Eppure, un velo sul capo dell’alunna musulmana scatena talvolta fiumi di polemiche,
anche quando sia possibile appurare la volontà dell’interessata (non della
famiglia) di indossarlo. Un simbolo esposto all’attenzione di tutti su
decisione dello Stato, invece, non può essere contestato, o suscitare
polemiche, il che è paradossale, considerando la natura pubblica, non privata,
di una scelta imposta per legge.
«Il Crocifisso», ha dichiarato commentando la sentenza della Corte
europea padre Federico Lombardi, direttore
della Sala stampa vaticana, «è stato sempre un segno di offerta di amore di Dio e di unione e
accoglienza per tutta l’umanità». «Dispiace che venga considerato come un segno
di divisione, di esclusione o di limitazione della libertà. Non è questo, e non
lo è nel sentire comune della nostra gente». Ma se questo è vero, sarà allora
innanzitutto interesse della Chiesa evitare che il crocifisso – simbolo di «unione
e accoglienza» – sia interpretato come «segno di divisione». Forse,
direttamente, quei brutti crocifissi prodotti in serie appesi sopra le lavagne non
offendono nessuno, ma testimoniano di una scelta di campo da parte dello Stato e della
scuola pubblica, che non possono e non devono essere percepiti come
confessionali. La laicità, che non pregiudica in alcun modo la possibilità di
credere, o di professare pubblicamente la propria fede, è un valore che va
riscoperto come premessa per un sano esercizio della propria libertà, anche di
culto.
[Come succede nei peggiori siti commerciali, mi viene la
tentazione di aggiungere: «Di’ la tua lasciando un commento»]

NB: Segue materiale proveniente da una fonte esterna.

lemma closed_walk_shortcut:
  assumes "walk c" "hd c = x" "last c = x" "set c \<subseteq> T x" "y \<in> set c"
  shows "\<exists>p \<pi>. walk p \<and> hd p = x \<and> last p = y \<and> set c \<subseteq> set p \<and>
               walk \<pi> \<and> hd \<pi> = x \<and> last \<pi> = y \<and> len p + len \<pi> \<le> len c"
  using assms
proof (induction "length c" arbitrary: c x rule: less_induct)
  case less
  have x: "x \<in> V"
    using walk_subset[OF less.prems(1)] walk_nonempty[OF less.prems(1)] less.prems(2) by auto
  show ?case
  proof (cases "y = x")
    case True
    then show ?thesis using less.prems x by (intro exI[of _ c] exI[of _ "[x]"]) simp
  next
    case False
    then obtain z where z: "z \<in> ch x" "y \<in> T z"
      using subtree_cases less.prems(4,5) by blast
    then have z': "z \<in> V" "z \<noteq> r" "par z = x" unfolding children_def by auto
    then have "hd c \<notin> T z" "last c \<notin> T z"
      using par_notin_subtree less.prems(2,3) by auto
    then obtain a E b where c: "c = a @ x # E @ x # b" and
      E: "walk E" "hd E = z" "last E = z" "set E \<subseteq> T z" "y \<in> set E"
      using walk_enters_subtree[OF less.prems(1) z'(2) _ _ less.prems(5) z(2)]
      unfolding z'(3) by blast
    have "E \<noteq> []" using E(1) walk_nonempty by blast
    have "length E < length c" using c by simp
    then obtain pE \<pi>E where IH: "walk pE" "hd pE = z" "last pE = y" "set E \<subseteq> set pE"
        "walk \<pi>E" "hd \<pi>E = z" "last \<pi>E = y" "len pE + len \<pi>E \<le> len E"
      using less.hyps E by blast
    define p0 where "p0 = a @ x # b"
    have p0: "walk p0" "hd p0 = x" "last p0 = x" "p0 \<noteq> []"
      using walk_drop_excursion[OF less.prems(1)[unfolded c] \<open>E \<noteq> []\<close>] less.prems(2,3) c
      unfolding p0_def by (cases a; simp)+
    have "adj x z"
      using walk_excursion(4)[OF less.prems(1)[unfolded c] \<open>E \<noteq> []\<close>] E(2) by simp
    then have "walk (p0 @ pE)" "walk (x # \<pi>E)"
      using p0 IH walk_nonempty by (simp_all add: walk_append walk_Cons)
    moreover have "len (p0 @ pE) = len p0 + wt x z + len pE"
      using len_append[of p0 pE] p0 IH(1,2) walk_nonempty by simp
    moreover have "len (x # \<pi>E) = wt x z + len \<pi>E"
      using len_Cons IH(5,6) walk_nonempty by simp
    moreover have "len c = len p0 + wt x z + len E + wt z x"
      using len_drop_excursion[OF \<open>E \<noteq> []\<close>] E(2,3) c unfolding p0_def by simp
    moreover have "set c \<subseteq> set (p0 @ pE)"
      using c IH(4) unfolding p0_def by auto
    ultimately show ?thesis
      using p0 IH wt_sym[OF \<open>adj x z\<close>] walk_nonempty
      by (intro exI[of _ "p0 @ pE"] exI[of _ "x # \<pi>E"]) simp
  qed
qed
lemma nn_integral_urn_step:
  assumes g: "\<And>t. 0 \<le> g t"
  shows "(\<integral>\<^sup>+u. ennreal (g (urn_step 1 s u)) \<partial>uniform01) = ennreal (step_mean g s)"
proof (cases s)
  case (Pair a b)
  show ?thesis
  proof (cases "a \<noteq> 0 \<and> b \<noteq> 0")
    case True
    define x where "x = \<bar>real_of_int a\<bar>"
    define y where "y = \<bar>real_of_int b\<bar>"
    have xy: "0 < x" "0 < y" using True by (auto simp: x_def y_def)
    define c where "c = x / (x + y)"
    have c: "0 \<le> c" "c \<le> 1" using xy by (auto simp: c_def)
    have step: "ennreal (g (urn_step 1 s u)) =
      ennreal (g (a, b + sgn a)) * indicator {..<c} u + ennreal (g (a - sgn b, b)) * indicator {c..} u" for u
      using True by (auto simp: Pair urn_step_def c_def x_def y_def split: split_indicator)
    have "(\<integral>\<^sup>+u. ennreal (g (urn_step 1 s u)) \<partial>uniform01) =
        (\<integral>\<^sup>+u. ennreal (g (a, b + sgn a)) * indicator {..<c} u \<partial>uniform01) +
        (\<integral>\<^sup>+u. ennreal (g (a - sgn b, b)) * indicator {c..} u \<partial>uniform01)"
      unfolding step by (rule nn_integral_add)
        (intro borel_measurable_times_ennreal borel_measurable_const borel_measurable_indicator; simp)+
    also have "\<dots> = ennreal (g (a, b + sgn a)) * ennreal c + ennreal (g (a - sgn b, b)) * ennreal (1 - c)"
      by (simp add: nn_integral_cmult_indicator emeasure_uniform01_lessThan[OF c]
          emeasure_uniform01_atLeast[OF c] del: emeasure_uniform_measure)
    also have "\<dots> = ennreal (c * g (a, b + sgn a) + (1 - c) * g (a - sgn b, b))"
      using c g by (simp add: ennreal_mult' ennreal_plus mult.commute)
    also have "c * g (a, b + sgn a) + (1 - c) * g (a - sgn b, b) = step_mean g s"
    proof -
      have "c * (x + y) = x" "(1 - c) * (x + y) = y" using xy by (simp_all add: c_def field_simps)
      then have "x * g (a, b + sgn a) + y * g (a - sgn b, b) =
          (c * g (a, b + sgn a) + (1 - c) * g (a - sgn b, b)) * (x + y)"
        by (metis distrib_right mult.assoc mult.commute)
      then have "step_mean g s = c * g (a, b + sgn a) + (1 - c) * g (a - sgn b, b)"
        using True by (simp add: Pair step_mean_interior_eq_iff x_def y_def)
      then show ?thesis ..
    qed
    finally show ?thesis .
  next
    case False
    then have "urn_step 1 s u = urn_step 1 s 0" for u by (auto simp: Pair urn_step_def)
    then have "(\<integral>\<^sup>+u. ennreal (g (urn_step 1 s u)) \<partial>uniform01) =
        (\<integral>\<^sup>+u. ennreal (g (urn_step 1 s 0)) \<partial>uniform01)"
      by (intro nn_integral_cong) metis
    then have "(\<integral>\<^sup>+u. ennreal (g (urn_step 1 s u)) \<partial>uniform01) = ennreal (g (urn_step 1 s 0))"
      by (simp add: uniform01.emeasure_space_1)
    then show ?thesis
      using False by (simp add: Pair step_mean_axis)
  qed
qed

text \<open>\<open>killed_mean \<phi> n s\<close> is the expectation of \<open>\<phi>(X\<^sub>n)\<close> on the event that the urn started
  at \<open>X\<^sub>0 = s\<close> is not absorbed by time \<open>n\<close>.\<close>
fun killed_mean :: "(int \<times> int \<Rightarrow> real) \<Rightarrow> nat \<Rightarrow> int \<times> int \<Rightarrow> real" where
  "killed_mean \<phi> 0 s = (if absorbed s then 0 else \<phi> s)"
| "killed_mean \<phi> (Suc n) s = (if absorbed s then 0 else step_mean (killed_mean \<phi> n) s)"

lemma killed_mean_nonneg: "(\<And>t. 0 \<le> \<phi> t) \<Longrightarrow> 0 \<le> killed_mean \<phi> n s"
  by (induction n arbitrary: s) (auto intro!: step_mean_nonneg)

lemma killed_mean_mono: "(\<And>t. \<phi> t \<le> \<psi> t) \<Longrightarrow> killed_mean \<phi> n s \<le> killed_mean \<psi> n s"
  by (induction n arbitrary: s) (auto intro!: step_mean_mono)

lemma killed_mean_linear:
  "killed_mean (\<lambda>t. \<alpha> * \<phi> t + \<beta> * \<psi> t) n s = \<alpha> * killed_mean \<phi> n s + \<beta> * killed_mean \<psi> n s"
proof (induction n arbitrary: s)
  case (Suc n)
  have "killed_mean (\<lambda>t. \<alpha> * \<phi> t + \<beta> * \<psi> t) n = (\<lambda>t. \<alpha> * killed_mean \<phi> n t + \<beta> * killed_mean \<psi> n t)"
    using Suc.IH by (intro ext)
  then show ?case by (simp add: step_mean_linear)
qed simp
abbreviation Fp :: "int set" where "Fp \<equiv> {0..<P}"

lemma prime_P: "prime P"
  using prime_p by simp

lemma P_gt_2: "P > 2"
proof -
  have "p \<noteq> 2"
    using odd_p by auto
  then show ?thesis
    using prime_ge_2_nat[OF prime_p] by linarith
qed

lemma not_P_dvd_2: "\<not> P dvd 2"
  using P_gt_2 by (auto dest: zdvd_imp_le)

lemma P_dvd_mult_iff: "P dvd a * b \<longleftrightarrow> P dvd a \<or> P dvd b"
  using prime_P by (rule prime_dvd_mult_iff)

lemma coprime_P_iff: "coprime a P \<longleftrightarrow> \<not> P dvd a"
  using prime_P coprime_commute[of a P]
  by (auto intro: prime_imp_coprime dest: coprime_common_divisor)

lemma residue_cong_iff: "a \<in> Fp \<Longrightarrow> b \<in> Fp \<Longrightarrow> [a = b] (mod P) \<longleftrightarrow> a = b"
  by (auto intro: cong_less_imp_eq_int)

lemma residue_dvd_iff: "a \<in> Fp \<Longrightarrow> P dvd a \<longleftrightarrow> a = 0"
  by (cases "a = 0") (auto dest: zdvd_imp_le)

lemma nonzero_residue_not_dvd: "a \<in> Fp - {0} \<Longrightarrow> \<not> P dvd a"
  using residue_dvd_iff by auto

lemma residue_mod_eq: "a \<in> Fp \<Longrightarrow> [a = b] (mod P) \<longleftrightarrow> a = b mod P"
  by (auto simp: cong_def)

lemma cong_mult_cancel_right: "[a * u = b * u] (mod P) \<Longrightarrow> \<not> P dvd u \<Longrightarrow> [a = b] (mod P)"
  by (simp add: cong_mult_rcancel coprime_P_iff)

lemma sum_remove_0: "(\<Sum>x\<in>Fp. f x) = f 0 + (\<Sum>x\<in>Fp - {0}. f x)"
  using P_gt_2 by (intro sum.remove) auto

lemma linear_congruence_solutions:
  assumes "\<not> P dvd u"
  shows "{v \<in> Fp. [u * v = c] (mod P)} = {(modular_inverse P u * c) mod P}"
proof -
  define w where "w = modular_inverse P u"
  have inv: "[u * w = 1] (mod P)"
    using assms by (simp add: w_def cong_modular_inverse1 coprime_P_iff)
  have "[u * v = c] (mod P) \<longleftrightarrow> [v = w * c] (mod P)" for v
  proof
    assume "[u * v = c] (mod P)"
    then show "[v = w * c] (mod P)"
      by (rule cong_lincomb[OF inv, where q = "- v" and r = w]) (simp add: algebra_simps)
  next
    assume "[v = w * c] (mod P)"
    then show "[u * v = c] (mod P)"
      by (rule cong_lincomb[OF inv, where q = c and r = u]) (simp add: algebra_simps)
  qed
  moreover have "v \<in> Fp \<and> [v = w * c] (mod P) \<longleftrightarrow> v = (w * c) mod P" for v
    using P_gt_2 residue_mod_eq[of v "w * c"] by auto
  ultimately show ?thesis
    unfolding w_def by blast
qed

lemma ex_linear_congruence_solution:
  assumes "\<not> P dvd u"
  shows "\<exists>v \<in> Fp. [u * v = c] (mod P)"
proof -
  have "(modular_inverse P u * c) mod P \<in> {v \<in> Fp. [u * v = c] (mod P)}"
    unfolding linear_congruence_solutions[OF assms] by simp
  then show ?thesis
    by blast
qed

section \<open>Square roots and the hyperbola\<close>

definition square_roots :: "int \<Rightarrow> int set" where
  "square_roots a = {y \<in> Fp. [y^2 = a] (mod P)}"

lemma finite_square_roots [simp]: "finite (square_roots a)"
  unfolding square_roots_def by (rule finite_subset[of _ Fp]) auto

lemma square_roots_cong: "[a = b] (mod P) \<Longrightarrow> square_roots a = square_roots b"
  by (simp add: square_roots_def cong_def)

lemma square_roots_of_square: "square_roots (b^2) = {b mod P, (- b) mod P}"
proof -
  have "[y^2 = b^2] (mod P) \<longleftrightarrow> [y = b] (mod P) \<or> [y = - b] (mod P)" for y
  proof -
    have "y^2 - b^2 = (y - b) * (y - - b)"
      by (simp add: algebra_simps power2_eq_square)
    then show ?thesis
      by (simp add: cong_iff_dvd_diff P_dvd_mult_iff)
  qed
  then show ?thesis
    using P_gt_2 by (auto simp: square_roots_def residue_mod_eq)
qed

lemma card_square_roots_of_square:
  "card (square_roots (b^2)) = (if P dvd b then 1 else 2)"
proof -
  have "b mod P = (- b) mod P \<longleftrightarrow> P dvd 2 * b"
    by (simp add: mod_eq_dvd_iff)
  also have "\<dots> \<longleftrightarrow> P dvd b"
    using not_P_dvd_2 by (simp add: P_dvd_mult_iff)
  finally show ?thesis
    by (simp add: square_roots_of_square)
qed

lemma card_square_roots_residue:
  "b \<in> Fp \<Longrightarrow> card (square_roots (b^2)) = (if b = 0 then 1 else 2)"
  using card_square_roots_of_square[of b] residue_dvd_iff[of b] by simp

lemma sum_card_square_roots_nonzero: "(\<Sum>b\<in>Fp - {0}. card (square_roots (b^2))) = 2 * (p - 1)"
proof -
  have "(\<Sum>b\<in>Fp - {0}. card (square_roots (b^2))) = (\<Sum>b\<in>Fp - {0}. 2)"
    by (rule sum.cong) (simp_all add: card_square_roots_residue)
  also have "\<dots> = 2 * (p - 1)"
    using P_gt_2 by (simp add: card_Diff_singleton nat_diff_distrib')
  finally show ?thesis .
qed
text \<open>The endpoint x of a band after k rotations, for 1 \<le> x \<le> n and k \<le> n.\<close>

definition rotate_index :: "nat \<Rightarrow> nat \<Rightarrow> nat \<Rightarrow> nat" where
  "rotate_index n k x = (if k < x then x - k else x + n - k)"

lemma rotate_band_pow:
  assumes "valid_band n (t, s)" "k \<le> n"
  shows "(rotate_band n 1 ^^ k) (t, s)
    = (max (rotate_index n k t) (rotate_index n k s), min (rotate_index n k t) (rotate_index n k s))"
  using assms(2)
proof (induction k)
  case 0
  then show ?case using assms(1) by (auto simp: rotate_index_def valid_band_def)
next
  case (Suc k)
  define a where "a = rotate_index n k t"
  define b where "b = rotate_index n k s"
  have ab: "1 \<le> a" "a \<le> n" "1 \<le> b" "b \<le> n" "a \<noteq> b"
    using assms(1) Suc.prems by (auto simp: a_def b_def rotate_index_def valid_band_def)
  have step: "rotate_index n (Suc k) t = (if 1 < a then a - 1 else n)"
    "rotate_index n (Suc k) s = (if 1 < b then b - 1 else n)"
    using assms(1) Suc.prems by (auto simp: a_def b_def rotate_index_def valid_band_def)
  have IH: "(rotate_band n 1 ^^ k) (t, s) = (max a b, min a b)"
    using Suc by (simp add: a_def b_def)
  show ?case
    unfolding funpow.simps comp_def IH step using ab
    by (auto simp: rotate_band_def max_def min_def)
qed

lemma rotate_band_pow_mult:
  assumes "valid_band n g"
  shows "(rotate_band n 1 ^^ (n * j)) g = g"
proof -
  have period: "(rotate_band n 1 ^^ n) g = g"
    using assms rotate_band_pow[of n "fst g" "snd g" n]
    by (cases g) (auto simp: rotate_index_def valid_band_def)
  show ?thesis
    using period by (induction j) (simp_all add: funpow_add)
qed

text \<open>full_twist n j is \<Delta>^(2j) = \<delta>^(nj).\<close>

definition full_twist :: "nat \<Rightarrow> nat \<Rightarrow> band list" where
  "full_twist n j = delta_pow n (n * j)"

lemma full_twist_0 [simp]: "full_twist n 0 = []"
  by (simp add: full_twist_def delta_pow_def)

lemma full_twist_add: "full_twist n (i + j) = full_twist n i @ full_twist n j"
  by (simp add: full_twist_def add_mult_distrib2 delta_pow_add)

lemma full_twist_central:
  "positive_word n w \<Longrightarrow> pos_equiv n (full_twist n j @ w) (w @ full_twist n j)"
proof (induction w)
  case (Cons g w)
  then have g: "valid_band n g" "positive_word n w" by auto
  have "full_twist n j @ g # w = (full_twist n j @ [g]) @ w" by simp
  also have "pos_equiv n \<dots> ((g # full_twist n j) @ w)"
    using pos_equiv_append_right[OF delta_pow_conjugation[OF g(1), of "n * j"]]
    unfolding full_twist_def rotate_band_pow_mult[OF g(1)] .
  also have "pos_equiv n \<dots> (g # w @ full_twist n j)"
    using pos_equiv_Cons[OF Cons.IH[OF g(2)]] by simp
  finally show ?case by simp
qed simp
lemma image_Image:
  assumes "A \<subseteq> Z" "u \<in> Z"
  shows "\<phi> ` (E `` {u} \<inter> A) = cycle_E n `` {\<phi> u} \<inter> \<phi> ` A"
  using assms edge_iff phi_inj by (auto simp: inj_on_def)

end

definition twin_in :: "('a \<times> 'a) set \<Rightarrow> 'a set \<Rightarrow> 'a \<Rightarrow> 'a \<Rightarrow> bool" where
  "twin_in E Z x a \<longleftrightarrow> a \<in> Z \<and> E `` {x} \<inter> Z = E `` {a} \<inter> Z"

lemma twin_in_refl: "a \<in> Z \<Longrightarrow> twin_in E Z a a"
  by (simp add: twin_in_def)

lemma twin_in_Image_eq: "twin_in E Z x a \<Longrightarrow> A \<subseteq> Z \<Longrightarrow> E `` {x} \<inter> A = E `` {a} \<inter> A"
  unfolding twin_in_def by blast

lemma twin_in_edge_iff: "twin_in E Z x a \<Longrightarrow> w \<in> Z \<Longrightarrow> (x, w) \<in> E \<longleftrightarrow> (a, w) \<in> E"
  unfolding twin_in_def by blast

lemma (in induced_cycle) induced_cycle_swap_twin:
  assumes sym: "sym E" and irrefl: "\<forall>y. (y, y) \<notin> E"
    and twin: "twin_in E Z x a" and x: "x \<notin> Z"
  shows "induced_cycle E (insert x (Z - {a})) (\<phi>(x := \<phi> a)) n"
proof
  let ?Z' = "insert x (Z - {a})" and ?s = "\<lambda>u. if u = x then a else u"
  have a: "a \<in> Z"
    using twin by (simp add: twin_in_def)
  have s: "?s ` ?Z' = Z" "inj_on ?s ?Z'"
    using a x by (auto simp: inj_on_def)
  then have "bij_betw ?s ?Z' Z"
    unfolding bij_betw_def by blast
  then have "bij_betw (\<phi> \<circ> ?s) ?Z' {0..<n}"
    using bij_betw_trans bij by blast
  then show "bij_betw (\<phi>(x := \<phi> a)) ?Z' {0..<n}"
    by (rule bij_betw_cong[THEN iffD1, rotated]) auto
  fix u v
  assume uv: "u \<in> ?Z'" "v \<in> ?Z'"
  have "(u, v) \<in> E \<longleftrightarrow> (?s u, ?s v) \<in> E"
    using uv x irrefl twin_in_edge_iff[OF twin] sym[unfolded sym_def] by auto
  also have "\<dots> \<longleftrightarrow> (\<phi> (?s u), \<phi> (?s v)) \<in> cycle_E n"
    using uv s(1) by (intro edge_iff) auto
  finally show "(u, v) \<in> E \<longleftrightarrow> ((\<phi>(x := \<phi> a)) u, (\<phi>(x := \<phi> a)) v) \<in> cycle_E n"
    by (simp add: if_distrib)
qed

lemma (in induced_cycle) twin_off_if_missing_colour:
  assumes n: "3 \<le> n" and z: "z \<in> Z"
    and g: "inj_on g (Z - {z})" "g ` (Z - {z}) = {0..<n} - {m}"
    and g_edge: "\<And>u v. u \<in> Z - {z} \<Longrightarrow> v \<in> Z - {z} \<Longrightarrow> (u, v) \<in> E \<longleftrightarrow> (g u, g v) \<in> cycle_E n"
    and x_edge: "\<And>w. w \<in> Z - {z} \<Longrightarrow> (x, w) \<in> E \<longleftrightarrow> (m, g w) \<in> cycle_E n"
  shows "E `` {x} \<inter> (Z - {z}) = E `` {z} \<inter> (Z - {z})"
proof -
  txt \<open>A vertex \<open>w\<close> of the path \<open>Z - {z}\<close> has exactly one neighbour on it iff it is adjacent
    to the colour missed by the embedding; this is read off once through \<open>g\<close> and once
    through \<open>\<phi>\<close>, which misses \<open>\<phi> z\<close>.\<close>
  have \<phi>: "\<phi> ` (Z - {z}) = {0..<n} - {\<phi> z}"
    using image_Diff_singleton[OF subset_refl z] phi_image by simp
  have \<phi>_edge: "\<And>u v. u \<in> Z - {z} \<Longrightarrow> v \<in> Z - {z} \<Longrightarrow> (u, v) \<in> E \<longleftrightarrow> (\<phi> u, \<phi> v) \<in> cycle_E n"
    using edge_iff by blast
  have "(x, w) \<in> E \<longleftrightarrow> (z, w) \<in> E" if w: "w \<in> Z - {z}" for w
  proof -
    have "(x, w) \<in> E \<longleftrightarrow> card (E `` {w} \<inter> (Z - {z})) = 1"
      using x_edge[OF w] card_Image_eq_1_iff_adjacent_missing[OF n g g_edge w] cycle_E_sym by blast
    also have "\<dots> \<longleftrightarrow> (\<phi> z, \<phi> w) \<in> cycle_E n"
      using card_Image_eq_1_iff_adjacent_missing[OF n inj_on_subset[OF phi_inj Diff_subset] \<phi> \<phi>_edge w]
        cycle_E_sym by blast
    also have "\<dots> \<longleftrightarrow> (z, w) \<in> E"
      using edge_iff w z by auto
    finally show ?thesis .
  qed
  then show ?thesis
    by blast
qed

locale induced_long_cycle = induced_cycle +
  assumes long: "5 \<le> n"
begin

lemma eq_if_Image_Diff_eq:
  assumes "a \<in> Z" "u \<in> Z" "v \<in> Z" and eq: "E `` {u} \<inter> (Z - {a}) = E `` {v} \<inter> (Z - {a})"
  shows "u = v"
proof -
  have Za: "\<phi> ` (Z - {a}) = {0..<n} - {\<phi> a}"
    using image_Diff_singleton[OF subset_refl \<open>a \<in> Z\<close>] phi_image by simp
  have "cycle_E n `` {\<phi> u} \<inter> ({0..<n} - {\<phi> a}) = cycle_E n `` {\<phi> v} \<inter> ({0..<n} - {\<phi> a})"
    using arg_cong[OF eq, of "image \<phi>"]
    unfolding image_Image[OF Diff_subset \<open>u \<in> Z\<close>] image_Image[OF Diff_subset \<open>v \<in> Z\<close>] Za .
  then have "cycle_E n `` {\<phi> u} - {\<phi> a} = cycle_E n `` {\<phi> v} - {\<phi> a}"
    using cycle_E_Image_subset[of n "\<phi> u"] cycle_E_Image_subset[of n "\<phi> v"] by blast
  then have "\<phi> u = \<phi> v"
    by (rule cycle_E_Image_Diff_inj[OF long phi_lt[OF \<open>u \<in> Z\<close>] phi_lt[OF \<open>v \<in> Z\<close>]])
  then show ?thesis
    using phi_inj assms by (simp add: inj_on_eq_iff)
qed
text \<open>A literal code has the form 4 * prod_encode (a, b) plus two low bits, the
  upper one selecting the atom and the lower one its sign.\<close>

lemma div_mod_2_lit_code:
  "Suc (4 * k) mod 2 = Suc 0" "Suc (4 * k) div 2 = 2 * k" "(4 * k) div 2 = 2 * k"
  "(4 * k) mod 2 = (0::nat)" "Suc (2 * k) div 2 = k" "Suc (2 * k) mod 2 = Suc 0"
  "Suc (Suc (4 * k)) mod 2 = 0" "Suc (Suc (4 * k)) div 2 = Suc (2 * k)"
  "Suc (Suc (Suc (4 * k))) mod 2 = Suc 0" "Suc (Suc (Suc (4 * k))) div 2 = Suc (2 * k)"
  "(2 * k) div 2 = (k::nat)" "(2 * k) mod 2 = (0::nat)"
  by presburger+

lemma lit_of_code: "lit_of (lit_code \<phi>) = \<phi>"
proof (cases \<phi>)
  case (Pos a) then show ?thesis by (cases a) (simp_all add: lit_of_def Let_def div_mod_2_lit_code)
next
  case (Neg a) then show ?thesis by (cases a) (simp_all add: lit_of_def Let_def div_mod_2_lit_code)
qed

lemma code_lit_of: "lit_code (lit_of l) = l"
proof -
  define q where "q = l div 2 div 2"
  define at where "at = (if l div 2 mod 2 = 0 then AEq (fst (prod_decode q)) (snd (prod_decode q))
                        else AE (fst (prod_decode q)) (snd (prod_decode q)))"
  have "atom_code at = 2 * q + l div 2 mod 2"
    unfolding at_def by (cases "l div 2 mod 2 = 0") simp_all
  also have "\<dots> = l div 2" unfolding q_def by (rule mult_div_mod_eq)
  finally have at: "atom_code at = l div 2" .
  have "lit_code (lit_of l) = 2 * atom_code at + l mod 2"
    unfolding lit_of_def Let_def q_def[symmetric] at_def[symmetric] by (cases "l mod 2 = 0") simp_all
  also have "\<dots> = l" unfolding at by (rule mult_div_mod_eq)
  finally show ?thesis .
qed

lemma graph_iso_refl: "graph_iso G G"
  unfolding graph_iso_def by (rule exI[of _ id]) simp

lemma graph_iso_sym:
  assumes "graph_iso G H" shows "graph_iso H G"
proof -
  obtain f where f: "bij_betw f (fst G) (fst H)"
    and e: "\<forall>a\<in>fst G. \<forall>b\<in>fst G. (a, b) \<in> snd G \<longleftrightarrow> (f a, f b) \<in> snd H"
    using assms unfolding graph_iso_def by blast
  let ?g = "inv_into (fst G) f"
  have g: "bij_betw ?g (fst H) (fst G)" by (rule bij_betw_inv_into[OF f])
  have "\<forall>a\<in>fst H. \<forall>b\<in>fst H. (a, b) \<in> snd H \<longleftrightarrow> (?g a, ?g b) \<in> snd G"
  proof (intro ballI)
    fix a b assume ab: "a \<in> fst H" "b \<in> fst H"
    have "f (?g a) = a" "f (?g b) = b" using ab f by (auto simp: bij_betw_inv_into_right)
    moreover have "?g a \<in> fst G" "?g b \<in> fst G" using ab g by (auto simp: bij_betw_def)
    ultimately show "(a, b) \<in> snd H \<longleftrightarrow> (?g a, ?g b) \<in> snd G" using e by metis
  qed
  then show ?thesis unfolding graph_iso_def using g by blast
qed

Carissimo prof.,mi permetto di esprimere il mio pensiero, lungamente meditato e maturato nel corso della preparazione e svolgimento di una tesi di laurea che che aveva proprio ad oggetto la libertà di esercitare il proprio culto religioso.Credo che la c.d.”Laicità all’italiana”, che si contrappone a quella francese che vorrebbe la totale assenza di simboli religiosi in ambienti pubblici,si caratterizza proprio per il suo tendere ad assicurare a tutti la libera manifestazione del proprio credo o non credo religioso.Sarebbe allora veramente bello vedere da una parte il crocifisso su una parete,e dall’altra il velo sul capo di una eventuale alunna islamica. Solo così i nostri figli si abituerebbero veramente e con convinzione a vivere in una società varia e multietnica. Laicità E’ INCLUSIONE E NON ESCLUSIONE.Grazie per lo spazio
Carissima dottoressa, innanzitutto hai fatto bene a permetterti. Naturalmente sono d’accordo con te sulla reciprocità dei diritti tra religioni e culture diverse, ma trovo che il sistema di “laicità all’italiana”, così come lo descrivi, abbia qualche pecca. Se è vero che il modello francese può risultare troppo prescrittivo, perché impone non solo l’assenza di simboli religiosi provvisti dallo Stato, quindi pubblici, ma anche simboli personali (di qui la polemica sul “divieto di velo”), è anche vero che un velo sul capo non “riequilibra” la presenza di un crocifisso esposto per legge in tutte le aule del Regno (mi è venuta così…). Due sono gli ambiti, quello pubblico e quello privato: il crocifisso è esposto per decisione pubblica, il velo è una scelta personale. Il corrispettivo cristiano del velo può essere sì la croce, ma la croce che un individuo decide di portare al collo. Le convinzioni personali possono essere manifestate, nei limiti della legge, e non contrastano con il principio di laicità dello Stato. Il crocifisso a scuola non è questione di convinzioni personali. Immagino bene, invece, cartelloni realizzati dalle classi, nei quali può campeggiare tutto ciò che gli alunni ritengono rappresentativo, dal pallone da calcio, all’abito, al crocifisso, alla menorah, ecc, perché lì sono loro e soltanto loro che scelgono. Questa mi sembra sarebbe una buona “laicità all’italiana”!